Robin Sloan
main newsletter
December 2025

Little rooms

December, 1906, Hans Thoma
December, 1906, Hans Thoma

Trespassers!

This edi­tion arrives a bit later than expected; it has been a LONG season of work, during which I was basi­cally smooshed into a smooth paste along with the olives. Now, finally, we’re resting, with can­dles lit, the sound of rain on the roof.

Thanks, as always, for your enthu­si­astic response to my annual gift guide. I hear back from many of the com­pa­nies included, and — I know I keep saying this, but — your pur­chases are mean­ingful and mate­rial to them. Your open­ness helps make inter­esting work — inter­esting lives — possible!

I’m Robin Sloan, a fiction writer with wide-ranging interests, which I capture here in my newsletter. This is an archived edition, originally transmitted in December 2025. You can sign up to receive future editions using the form at the bottom of the page.

As usual, this newsletter has a few dis­tinct parts. Here’s what’s ahead:

This year, I will NOT per­form a live reading of Sir Gawain and the Green Knight on New Year’s Day. The reason is simple: I’m too pooped!

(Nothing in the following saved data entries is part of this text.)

lemma d_sum: "(\<And>k. k \<in> S \<Longrightarrow> f k \<in> A pq) \<Longrightarrow> d i pq (sum f S) = (\<Sum>k\<in>S. d i pq (f k))"
proof (induct S rule: infinite_finite_induct)
  case (insert x F)
  then show ?case by (simp add: d_add sum_closed)
qed auto

end

locale bigraded_multicomplex = bigraded_maps +
  assumes structure_eq:
    "x \<in> A pq \<Longrightarrow> (\<Sum>i\<le>l. sgnd i (d i (shift (l - i) pq) (d (l - i) pq x))) = 0"

lemma multicomplex_imp_bigraded_multicomplex:
  assumes "multicomplex scale n A d"
  shows "bigraded_multicomplex A d"
proof -
  interpret module scale
    using assms by (simp add: multicomplex_def)
  have A_subspace: "subspace (A pq)" for pq
    using assms unfolding multicomplex_def by blast
  show ?thesis
  proof
    fix pq x y i l
    show "0 \<in> A pq" using subspace_0[OF A_subspace] .
    show "x \<in> A pq \<Longrightarrow> y \<in> A pq \<Longrightarrow> x + y \<in> A pq" using subspace_add[OF A_subspace] .
    show "x \<in> A pq \<Longrightarrow> - x \<in> A pq" using subspace_neg[OF A_subspace] .
  qed (use assms in \<open>unfold multicomplex_def, blast+\<close>)
qed

lemma shift_bdeg:
  "i \<le> r \<Longrightarrow> shift (i + j) (bdeg p q (Suc r) (r - i)) = (p - int j, q - int j)"
  by (simp add: shift_def bdeg_def of_nat_diff)

context bigraded_multicomplex
begin

definition boundary_zigzag :: "nat \<Rightarrow> int \<Rightarrow> int \<Rightarrow> (nat \<Rightarrow> 'a) \<Rightarrow> nat \<Rightarrow> 'a" where
  "boundary_zigzag r p q b j = (\<Sum>i\<le>r. sgnd i (d (i + j) (bdeg p q (Suc r) (r - i)) (b (r - i))))"

lemma boundary_zigzag_closed:
  assumes "\<forall>i\<le>r. b i \<in> A (bdeg p q (Suc r) i)"
  shows "boundary_zigzag r p q b j \<in> A (p - int j, q - int j)"
  unfolding boundary_zigzag_def
  using assms by (intro sum_closed sgnd_closed) (metis atMost_iff d_closed diff_le_self shift_bdeg)

lemma d_boundary_zigzag:
  assumes "\<forall>i\<le>r. b i \<in> A (bdeg p q (Suc r) i)"
  shows "d m (p - int j, q - int j) (boundary_zigzag r p q b j)
       = (\<Sum>i\<le>r. d m (p - int j, q - int j) (sgnd i (d (i + j) (bdeg p q (Suc r) (r - i)) (b (r - i)))))"
  unfolding boundary_zigzag_def using assms
  by (intro d_sum sgnd_closed) (metis atMost_iff d_closed diff_le_self shift_bdeg)

text \<open>Terms of the structure equations of the \<open>b (r - i)\<close> of total degree beyond \<open>l + i\<close>
  regroup, for each \<open>t < r\<close>, into \<open>d\<^bsub>l+1+t\<^esub>\<close> applied to the boundary condition on \<open>b\<close> at
  level \<open>r - 1 - t\<close>.\<close>
lemma boundary_zigzag_excess_vanishes:
  assumes bA: "\<forall>i\<le>r. b i \<in> A (bdeg p q (Suc r) i)"
    and bcond: "\<forall>l\<le>r-1. (\<Sum>i\<le>l. sgnd i (d i (bdeg p q (Suc r) (l - i)) (b (l - i)))) = 0"
    and t: "t < r"
  shows "(\<Sum>i\<in>{Suc t..r}. sgnd i (sgnd (Suc l + t)
            (d (Suc l + t) (shift (l + i - (Suc l + t)) (bdeg p q (Suc r) (r - i)))
               (d (l + i - (Suc l + t)) (bdeg p q (Suc r) (r - i)) (b (r - i)))))) = 0"
    (is "(\<Sum>i\<in>_. ?g i) = 0")
proof -
  define B where "B m = bdeg p q (Suc r) m" for m
  define L where "L = r - Suc t"
  have L: "L \<le> r - 1" "Suc t + L = r"
    using t by (auto simp: L_def)
  define W where "W = (p + int r - int L, q + int r - int L)"
  have shift_W: "shift u (B (L - u)) = W" if "u \<le> L" for u
    using that L by (simp add: shift_def B_def bdeg_def W_def of_nat_diff)
  have dW: "d u (B (L - u)) (b (L - u)) \<in> A W" if "u \<le> L" for u
    using d_closed[of "b (L - u)" "B (L - u)" u] bA shift_W[OF that] L by (simp add: B_def)
  have "{0 + Suc t..L + Suc t} = {Suc t..r}"
    using L by auto
  then have "(\<Sum>i\<in>{Suc t..r}. ?g i) = (\<Sum>u\<in>{0..L}. ?g (u + Suc t))"
    using sum.shift_bounds_cl_nat_ivl[of ?g 0 "Suc t" L] by simp
  also have "\<dots> = (\<Sum>u\<le>L. sgnd (Suc t) (sgnd (Suc l + t)
                      (d (Suc l + t) W (sgnd u (d u (B (L - u)) (b (L - u)))))))"
  proof (intro sum.cong)
    fix u assume u: "u \<in> {..L}"
    have "l + (u + Suc t) - (Suc l + t) = u" "r - (u + Suc t) = L - u"
      using L by auto
    then have "?g (u + Suc t) = sgnd (u + Suc t) (sgnd (Suc l + t)
                 (d (Suc l + t) W (d u (B (L - u)) (b (L - u)))))"
      using u shift_W[of u] by (simp add: B_def)
    also have "\<dots> = sgnd (Suc t) (sgnd (Suc l + t) (d (Suc l + t) W (sgnd u (d u (B (L - u)) (b (L - u))))))"
      using dW u by (simp add: d_sgnd sgnd_sgnd ac_simps)
    finally show "?g (u + Suc t) = \<dots>" .
  qed (simp add: atLeast0AtMost)
  also have "\<dots> = sgnd (Suc t) (sgnd (Suc l + t)
                    (d (Suc l + t) W (\<Sum>u\<le>L. sgnd u (d u (B (L - u)) (b (L - u))))))"
  proof -
    have "d (Suc l + t) W (\<Sum>u\<le>L. sgnd u (d u (B (L - u)) (b (L - u))))
        = (\<Sum>u\<le>L. d (Suc l + t) W (sgnd u (d u (B (L - u)) (b (L - u)))))"
      using dW by (intro d_sum sgnd_closed) simp
    then show ?thesis
      by (simp add: sgnd_sum)
  qed
  also have "(\<Sum>u\<le>L. sgnd u (d u (B (L - u)) (b (L - u)))) = 0"
    using bcond L by (simp add: B_def)
  finally show ?thesis
    by simp
qed

text \<open>Summing the structure equations of the \<open>b (r - i)\<close> at level \<open>l + i\<close> with sign \<open>(-1)\<^sup>i\<close>,
  the terms of level at most \<open>l\<close> form the zigzag equation and the remaining ones vanish.\<close>
lemma boundary_zigzag_structure_eq:
  assumes bA: "\<forall>i\<le>r. b i \<in> A (bdeg p q (Suc r) i)"
    and bcond: "\<forall>l\<le>r-1. (\<Sum>i\<le>l. sgnd i (d i (bdeg p q (Suc r) (l - i)) (b (l - i)))) = 0"
  shows "(\<Sum>j\<le>l. sgnd (l - j) (d (l - j) (p - int j, q - int j) (boundary_zigzag r p q b j))) = 0"
proof -
  define B where "B m = bdeg p q (Suc r) m" for m
  have bB: "b (r - i) \<in> A (B (r - i))" for i
    using bA by (simp add: B_def)
  have shift_B: "shift (i + j) (B (r - i)) = (p - int j, q - int j)" if "i \<le> r" for i j
    using shift_bdeg[OF that] by (simp add: B_def)
  have dbA: "d (i + j) (B (r - i)) (b (r - i)) \<in> A (p - int j, q - int j)" if "i \<le> r" for i j
    using that bB by (metis d_closed shift_B)
  define G where "G i s = sgnd s (d s (shift (l + i - s) (B (r - i)))
                          (d (l + i - s) (B (r - i)) (b (r - i))))" for i s
  have "0 = (\<Sum>i\<le>r. sgnd i (\<Sum>s\<le>l+i. G i s))"
    using structure_eq[OF bB] by (simp add: G_def)
  also have "\<dots> = (\<Sum>i\<le>r. sgnd i (\<Sum>j\<le>l. G i (l - j)))
                 + (\<Sum>i\<le>r. \<Sum>t<i. sgnd i (G i (Suc l + t)))"
    by (simp add: sum_atMost_add_split_rev sgnd_add sgnd_sum sum.distrib)
  also have "(\<Sum>i\<le>r. \<Sum>t<i. sgnd i (G i (Suc l + t))) = 0"
    using boundary_zigzag_excess_vanishes[OF bA bcond]
    by (simp add: sum.nested_swap' G_def B_def)
  also have "(\<Sum>i\<le>r. sgnd i (\<Sum>j\<le>l. G i (l - j)))
      = (\<Sum>j\<le>l. \<Sum>i\<le>r. sgnd (l - j) (d (l - j) (p - int j, q - int j)
                          (sgnd i (d (i + j) (B (r - i)) (b (r - i))))))"
  proof -
    have "G i (l - j) = sgnd (l - j) (d (l - j) (p - int j, q - int j) (d (i + j) (B (r - i)) (b (r - i))))"
      if "i \<le> r" "j \<le> l" for i j
    proof -
      have "l + i - (l - j) = i + j"
        using that by simp
      then show ?thesis
        using shift_B[OF that(1)] by (simp add: G_def)
    qed
    then have "(\<Sum>i\<le>r. sgnd i (\<Sum>j\<le>l. G i (l - j)))
        = (\<Sum>i\<le>r. \<Sum>j\<le>l. sgnd (l - j) (d (l - j) (p - int j, q - int j)
                          (sgnd i (d (i + j) (B (r - i)) (b (r - i))))))"
      using dbA by (intro sum.cong refl) (simp add: sgnd_sum d_sgnd sgnd_sgnd add.commute)
    then show ?thesis
      using sum.swap by simp
  qed
  also have "\<dots> = (\<Sum>j\<le>l. sgnd (l - j) (d (l - j) (p - int j, q - int j) (boundary_zigzag r p q b j)))"
    using d_boundary_zigzag[OF bA] by (simp add: sgnd_sum B_def)
  finally show ?thesis
    by simp
qed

Remember, you can always read it your­self, even aloud: the allit­er­a­tive tongue-twisters will bring a smile to your face. Simon Armitage’s trans­la­tion is the one to get. Viewers of last year’s per­formance will recall that Marie Borroff’s trans­la­tion sort of did us dirty … it was very dif­fi­cult to per­form, and I might, in some sense, still be recovering. Next time around, we’ll return to Simon’s warm embrace.

Little rooms

Artist's room in Karlsruhe, 1859, Hans Thoma
Artist's room in Karlsruhe, 1859, Hans Thoma

I loved Jack White’s speech accepting the induc­tion of The White Stripes into the Rock and Roll Hall of Fame. You might find it at first a bit rote, but I encourage you to watch the whole thing, because it evolves into a pow­erful state­ment about artistic pro­duc­tion. Jack honors, above all, the people who endure the misses to find the hits:

I myself have been in a lot of bands you’ve prob­ably never heard of, but for some reason people espe­cially con­nected with this one two-piece duo project that I was in called The White Stripes.

His “for some reason” there isn’t false modesty; Jack is clearly aware that success — con­nection to an audience — depends upon, among so many other things, pro­found luck. Or, not luck, but: that which cannot be planned, cannot be engineered:

We don’t know why these things con­nect with people, but, when they do, it’s the most beau­tiful thing you can have as an artist or a musician, when people are responding and sharing with you. So, to the young artists, I wanna say, get your hands dirty and drop the screens and get out in your garage or your little room and get obsessed — get obsessed with some­thing, you know. Get passionate.

Another inductee at the same cer­e­mony was Outkast, the epochal act — B.O.B. is my selec­tion for the next Voy­ager record — that emerged from the Dungeon, an East Point recording studio set up in the base­ment of Outkast’s producer’s mom’s house, into which a crowd of teenage musi­cians would reg­u­larly descend. It’s incred­ible to imagine the noise that must have emanated; the smell.

And so, near the con­clu­sion of a circuitous, joyful accep­tance speech, André 3000 picks up the theme of the night:

One thing that Jack said … he said some­thing about little rooms. And … we started in a little — 

Here, André chokes up. Ten sec­onds pass, his face shining with emotion, while his friends clap him on the shoulders. Finally, when he’s able to continue, he says:

Little rooms. Great things start in little rooms. That’s it.

That’s it.

I remember when I got a raise, way back in 2008, that finally allowed me to rent a place of my own, no roommates. It was just off Clement Street, a few blocks down from Green Apple Books. In what felt like a trans­gres­sive move, I rejected normal fur­nishing and gave the space over entirely to my desk and a wide wire shelf. In that shad­owed studio, I wrote the short story that became Mr. Penumbra’s 24-Hour Bookstore. I wrote The Writer and the Witch, and Annabel Scheme, and so many more.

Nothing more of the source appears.